### REQUIRED ACTION
Repeat exactly the lines of the listing from the line containing "unfolding X by" through its last line, and nothing beyond them.

:: RECORD EXTRACTS ::

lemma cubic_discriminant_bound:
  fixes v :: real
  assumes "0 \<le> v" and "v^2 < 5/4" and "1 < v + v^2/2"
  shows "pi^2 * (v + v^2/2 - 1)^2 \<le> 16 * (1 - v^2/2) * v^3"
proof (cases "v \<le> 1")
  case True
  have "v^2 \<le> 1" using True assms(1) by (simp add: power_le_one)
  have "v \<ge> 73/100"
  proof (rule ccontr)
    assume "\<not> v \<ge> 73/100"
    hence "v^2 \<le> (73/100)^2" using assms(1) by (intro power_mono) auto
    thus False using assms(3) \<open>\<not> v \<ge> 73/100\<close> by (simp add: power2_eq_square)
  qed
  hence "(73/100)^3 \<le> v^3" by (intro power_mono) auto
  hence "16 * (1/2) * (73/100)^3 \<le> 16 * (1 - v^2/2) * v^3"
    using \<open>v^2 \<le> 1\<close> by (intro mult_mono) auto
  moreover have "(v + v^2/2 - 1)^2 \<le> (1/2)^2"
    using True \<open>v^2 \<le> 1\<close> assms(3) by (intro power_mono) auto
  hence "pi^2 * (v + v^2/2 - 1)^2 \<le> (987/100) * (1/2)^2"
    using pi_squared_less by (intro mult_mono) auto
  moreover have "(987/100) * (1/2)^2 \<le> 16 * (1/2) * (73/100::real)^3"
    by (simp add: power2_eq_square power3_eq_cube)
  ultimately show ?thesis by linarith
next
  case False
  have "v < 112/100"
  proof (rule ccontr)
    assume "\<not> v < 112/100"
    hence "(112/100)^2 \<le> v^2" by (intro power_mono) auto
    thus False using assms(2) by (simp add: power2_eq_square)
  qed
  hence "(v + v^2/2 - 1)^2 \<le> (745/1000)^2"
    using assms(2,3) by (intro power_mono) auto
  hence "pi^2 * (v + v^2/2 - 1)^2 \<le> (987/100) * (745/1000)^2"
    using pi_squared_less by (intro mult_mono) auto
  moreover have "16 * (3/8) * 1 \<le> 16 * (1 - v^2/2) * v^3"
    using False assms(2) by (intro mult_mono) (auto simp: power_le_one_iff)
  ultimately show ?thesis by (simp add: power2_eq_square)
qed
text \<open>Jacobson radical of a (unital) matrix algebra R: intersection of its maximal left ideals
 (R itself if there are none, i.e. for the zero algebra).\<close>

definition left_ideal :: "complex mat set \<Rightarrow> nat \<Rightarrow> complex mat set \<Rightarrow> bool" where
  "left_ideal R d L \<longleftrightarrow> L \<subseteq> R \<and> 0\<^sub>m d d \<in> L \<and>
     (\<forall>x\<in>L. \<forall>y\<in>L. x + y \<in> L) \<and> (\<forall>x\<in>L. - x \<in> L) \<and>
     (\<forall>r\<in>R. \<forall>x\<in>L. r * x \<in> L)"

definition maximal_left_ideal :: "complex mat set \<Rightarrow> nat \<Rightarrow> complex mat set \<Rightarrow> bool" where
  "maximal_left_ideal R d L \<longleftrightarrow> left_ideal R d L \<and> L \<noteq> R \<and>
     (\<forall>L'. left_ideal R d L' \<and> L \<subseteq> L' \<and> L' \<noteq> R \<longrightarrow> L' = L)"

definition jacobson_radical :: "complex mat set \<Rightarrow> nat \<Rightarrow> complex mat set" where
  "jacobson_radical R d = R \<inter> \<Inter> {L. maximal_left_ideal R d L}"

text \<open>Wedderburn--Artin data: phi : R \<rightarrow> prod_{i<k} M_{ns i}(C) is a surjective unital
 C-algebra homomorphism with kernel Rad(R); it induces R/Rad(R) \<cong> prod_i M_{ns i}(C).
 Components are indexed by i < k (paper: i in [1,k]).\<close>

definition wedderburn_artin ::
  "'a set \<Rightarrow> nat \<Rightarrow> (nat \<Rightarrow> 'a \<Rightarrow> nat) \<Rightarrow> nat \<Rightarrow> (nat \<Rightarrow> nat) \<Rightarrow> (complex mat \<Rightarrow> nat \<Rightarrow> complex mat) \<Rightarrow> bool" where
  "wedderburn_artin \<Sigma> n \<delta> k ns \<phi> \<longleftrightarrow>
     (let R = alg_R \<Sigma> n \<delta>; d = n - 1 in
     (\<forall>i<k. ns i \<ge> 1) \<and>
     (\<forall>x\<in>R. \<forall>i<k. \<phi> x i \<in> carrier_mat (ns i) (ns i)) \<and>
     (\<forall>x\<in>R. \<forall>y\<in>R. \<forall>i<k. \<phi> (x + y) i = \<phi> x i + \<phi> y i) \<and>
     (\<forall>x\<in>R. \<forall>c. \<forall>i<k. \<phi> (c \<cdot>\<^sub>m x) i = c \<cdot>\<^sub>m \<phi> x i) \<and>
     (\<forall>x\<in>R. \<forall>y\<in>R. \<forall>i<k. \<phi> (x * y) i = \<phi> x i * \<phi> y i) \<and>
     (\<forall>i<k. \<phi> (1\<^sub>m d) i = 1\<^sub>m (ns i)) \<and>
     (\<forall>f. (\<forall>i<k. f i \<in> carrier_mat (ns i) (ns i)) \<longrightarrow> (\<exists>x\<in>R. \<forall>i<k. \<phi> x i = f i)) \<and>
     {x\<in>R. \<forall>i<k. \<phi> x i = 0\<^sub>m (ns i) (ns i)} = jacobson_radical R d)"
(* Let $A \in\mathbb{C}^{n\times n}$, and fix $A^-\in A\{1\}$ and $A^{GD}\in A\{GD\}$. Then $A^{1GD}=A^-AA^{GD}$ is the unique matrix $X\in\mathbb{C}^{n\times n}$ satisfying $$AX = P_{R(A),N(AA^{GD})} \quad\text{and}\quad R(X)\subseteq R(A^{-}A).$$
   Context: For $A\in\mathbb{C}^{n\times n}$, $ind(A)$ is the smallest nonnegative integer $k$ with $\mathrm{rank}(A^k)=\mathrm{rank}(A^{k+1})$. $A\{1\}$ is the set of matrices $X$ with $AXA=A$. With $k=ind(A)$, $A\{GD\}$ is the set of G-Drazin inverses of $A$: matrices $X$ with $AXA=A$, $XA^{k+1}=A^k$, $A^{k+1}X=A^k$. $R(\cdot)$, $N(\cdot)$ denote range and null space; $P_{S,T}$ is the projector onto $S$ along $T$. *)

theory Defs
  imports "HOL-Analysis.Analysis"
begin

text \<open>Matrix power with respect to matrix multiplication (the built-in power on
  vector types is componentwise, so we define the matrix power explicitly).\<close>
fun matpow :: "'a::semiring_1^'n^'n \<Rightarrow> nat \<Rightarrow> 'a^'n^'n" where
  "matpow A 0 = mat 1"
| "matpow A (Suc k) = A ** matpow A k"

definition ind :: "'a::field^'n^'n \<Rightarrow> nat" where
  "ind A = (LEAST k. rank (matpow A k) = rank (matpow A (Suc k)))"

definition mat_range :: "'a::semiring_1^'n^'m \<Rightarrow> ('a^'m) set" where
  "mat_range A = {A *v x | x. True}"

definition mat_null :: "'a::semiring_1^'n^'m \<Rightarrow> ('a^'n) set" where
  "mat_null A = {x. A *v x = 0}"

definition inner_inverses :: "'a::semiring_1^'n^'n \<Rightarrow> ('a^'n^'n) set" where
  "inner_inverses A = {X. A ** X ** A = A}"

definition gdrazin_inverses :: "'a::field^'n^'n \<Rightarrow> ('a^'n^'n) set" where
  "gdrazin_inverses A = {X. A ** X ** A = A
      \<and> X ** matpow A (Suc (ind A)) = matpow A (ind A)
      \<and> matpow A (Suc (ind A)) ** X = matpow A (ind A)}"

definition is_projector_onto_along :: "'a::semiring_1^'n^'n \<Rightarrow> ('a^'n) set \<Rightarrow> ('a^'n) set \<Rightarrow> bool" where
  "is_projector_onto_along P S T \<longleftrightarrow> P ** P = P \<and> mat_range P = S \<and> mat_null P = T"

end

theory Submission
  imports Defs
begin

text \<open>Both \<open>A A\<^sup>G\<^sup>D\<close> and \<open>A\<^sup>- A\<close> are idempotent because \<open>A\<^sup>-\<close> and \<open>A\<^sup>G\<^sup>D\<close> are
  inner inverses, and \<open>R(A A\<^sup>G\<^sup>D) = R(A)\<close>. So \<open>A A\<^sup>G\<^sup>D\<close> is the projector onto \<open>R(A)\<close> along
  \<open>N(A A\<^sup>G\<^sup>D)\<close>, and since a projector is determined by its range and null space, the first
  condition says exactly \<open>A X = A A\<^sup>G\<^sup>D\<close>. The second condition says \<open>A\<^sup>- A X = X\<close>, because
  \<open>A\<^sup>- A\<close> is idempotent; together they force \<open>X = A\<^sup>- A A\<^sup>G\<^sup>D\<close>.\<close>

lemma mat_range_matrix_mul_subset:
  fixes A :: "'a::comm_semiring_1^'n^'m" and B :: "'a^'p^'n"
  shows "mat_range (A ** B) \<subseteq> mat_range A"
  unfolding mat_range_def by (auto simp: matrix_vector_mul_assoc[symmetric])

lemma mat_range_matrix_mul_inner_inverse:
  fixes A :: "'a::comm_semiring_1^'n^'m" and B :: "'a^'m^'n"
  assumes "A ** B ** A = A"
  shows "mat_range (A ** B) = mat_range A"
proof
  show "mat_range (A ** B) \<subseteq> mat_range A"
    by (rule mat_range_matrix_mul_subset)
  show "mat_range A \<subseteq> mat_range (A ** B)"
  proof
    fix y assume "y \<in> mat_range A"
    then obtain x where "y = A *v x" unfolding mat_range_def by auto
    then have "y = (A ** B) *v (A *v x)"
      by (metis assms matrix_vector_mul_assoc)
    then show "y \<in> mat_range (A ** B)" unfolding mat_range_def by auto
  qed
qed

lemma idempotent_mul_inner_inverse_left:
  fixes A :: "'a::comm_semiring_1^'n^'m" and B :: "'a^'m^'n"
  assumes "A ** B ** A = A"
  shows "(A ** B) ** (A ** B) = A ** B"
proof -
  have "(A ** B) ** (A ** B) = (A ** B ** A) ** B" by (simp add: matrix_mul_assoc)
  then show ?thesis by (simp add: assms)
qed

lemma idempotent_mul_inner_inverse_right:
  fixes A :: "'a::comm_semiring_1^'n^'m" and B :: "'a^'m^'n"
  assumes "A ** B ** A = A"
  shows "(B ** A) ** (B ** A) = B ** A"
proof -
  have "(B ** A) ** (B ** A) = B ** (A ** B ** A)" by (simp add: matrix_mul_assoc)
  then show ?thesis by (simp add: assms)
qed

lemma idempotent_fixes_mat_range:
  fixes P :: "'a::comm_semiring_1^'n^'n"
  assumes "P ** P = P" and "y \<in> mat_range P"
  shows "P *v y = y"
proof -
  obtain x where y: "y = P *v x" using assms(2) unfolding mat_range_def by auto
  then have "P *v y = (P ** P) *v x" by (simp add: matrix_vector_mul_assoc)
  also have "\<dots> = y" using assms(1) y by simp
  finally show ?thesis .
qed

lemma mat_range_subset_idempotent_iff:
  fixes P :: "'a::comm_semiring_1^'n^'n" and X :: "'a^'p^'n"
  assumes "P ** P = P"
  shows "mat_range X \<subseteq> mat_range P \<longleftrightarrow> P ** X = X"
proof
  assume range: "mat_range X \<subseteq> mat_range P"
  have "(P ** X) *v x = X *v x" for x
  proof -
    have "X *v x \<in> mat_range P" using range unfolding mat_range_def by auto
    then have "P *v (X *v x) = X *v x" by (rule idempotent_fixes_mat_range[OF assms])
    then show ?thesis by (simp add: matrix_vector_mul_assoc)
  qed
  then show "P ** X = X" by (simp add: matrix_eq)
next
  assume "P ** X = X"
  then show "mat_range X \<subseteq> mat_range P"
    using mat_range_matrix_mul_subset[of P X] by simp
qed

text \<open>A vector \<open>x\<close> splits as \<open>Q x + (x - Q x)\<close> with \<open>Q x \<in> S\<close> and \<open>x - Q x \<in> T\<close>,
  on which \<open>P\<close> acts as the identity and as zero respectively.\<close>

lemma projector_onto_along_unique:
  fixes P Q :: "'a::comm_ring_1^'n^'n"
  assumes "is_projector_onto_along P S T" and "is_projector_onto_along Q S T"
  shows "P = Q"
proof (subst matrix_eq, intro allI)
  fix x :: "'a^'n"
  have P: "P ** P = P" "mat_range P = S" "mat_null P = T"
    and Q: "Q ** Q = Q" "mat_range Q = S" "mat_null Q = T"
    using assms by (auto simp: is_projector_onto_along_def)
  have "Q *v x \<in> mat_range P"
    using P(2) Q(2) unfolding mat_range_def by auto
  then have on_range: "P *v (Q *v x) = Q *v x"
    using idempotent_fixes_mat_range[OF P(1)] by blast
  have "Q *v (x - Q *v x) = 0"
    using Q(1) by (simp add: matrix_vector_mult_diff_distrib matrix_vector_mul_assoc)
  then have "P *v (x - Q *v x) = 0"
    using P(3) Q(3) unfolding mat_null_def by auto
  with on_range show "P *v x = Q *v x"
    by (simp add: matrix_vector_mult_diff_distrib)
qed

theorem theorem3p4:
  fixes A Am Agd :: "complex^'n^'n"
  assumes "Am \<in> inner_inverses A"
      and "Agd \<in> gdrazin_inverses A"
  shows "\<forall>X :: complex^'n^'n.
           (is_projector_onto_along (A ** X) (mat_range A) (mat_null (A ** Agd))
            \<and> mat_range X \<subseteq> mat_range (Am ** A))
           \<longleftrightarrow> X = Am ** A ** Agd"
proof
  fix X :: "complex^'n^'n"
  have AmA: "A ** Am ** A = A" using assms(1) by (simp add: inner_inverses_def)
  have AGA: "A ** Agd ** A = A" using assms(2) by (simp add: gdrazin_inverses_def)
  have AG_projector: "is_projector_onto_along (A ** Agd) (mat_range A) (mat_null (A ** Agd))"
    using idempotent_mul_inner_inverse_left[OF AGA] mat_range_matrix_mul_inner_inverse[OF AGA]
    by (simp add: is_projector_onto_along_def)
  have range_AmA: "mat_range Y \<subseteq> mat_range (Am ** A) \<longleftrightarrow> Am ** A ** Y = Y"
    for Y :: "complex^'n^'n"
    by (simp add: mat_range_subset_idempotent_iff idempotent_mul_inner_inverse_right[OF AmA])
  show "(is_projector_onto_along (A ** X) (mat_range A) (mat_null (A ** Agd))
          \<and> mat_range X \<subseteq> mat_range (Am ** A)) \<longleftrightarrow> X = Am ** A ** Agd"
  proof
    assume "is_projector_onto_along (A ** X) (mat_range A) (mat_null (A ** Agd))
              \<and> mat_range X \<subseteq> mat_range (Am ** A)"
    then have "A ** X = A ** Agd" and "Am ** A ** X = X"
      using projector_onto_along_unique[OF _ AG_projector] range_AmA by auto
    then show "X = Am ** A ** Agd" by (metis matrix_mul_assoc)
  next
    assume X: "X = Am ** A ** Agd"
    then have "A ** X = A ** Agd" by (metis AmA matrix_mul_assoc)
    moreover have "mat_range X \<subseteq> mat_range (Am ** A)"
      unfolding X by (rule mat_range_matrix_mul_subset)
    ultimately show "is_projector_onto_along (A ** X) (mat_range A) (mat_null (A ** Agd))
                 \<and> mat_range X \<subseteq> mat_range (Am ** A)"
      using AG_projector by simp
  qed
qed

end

:::

### ANSWER
      unfolding X by (rule mat_range_matrix_mul_subset)
    ultimately show "is_projector_onto_along (A ** X) (mat_range A) (mat_null (A ** Agd))
                 \<and> mat_range X \<subseteq> mat_range (Am ** A)"
      using AG_projector by simp
  qed
qed

end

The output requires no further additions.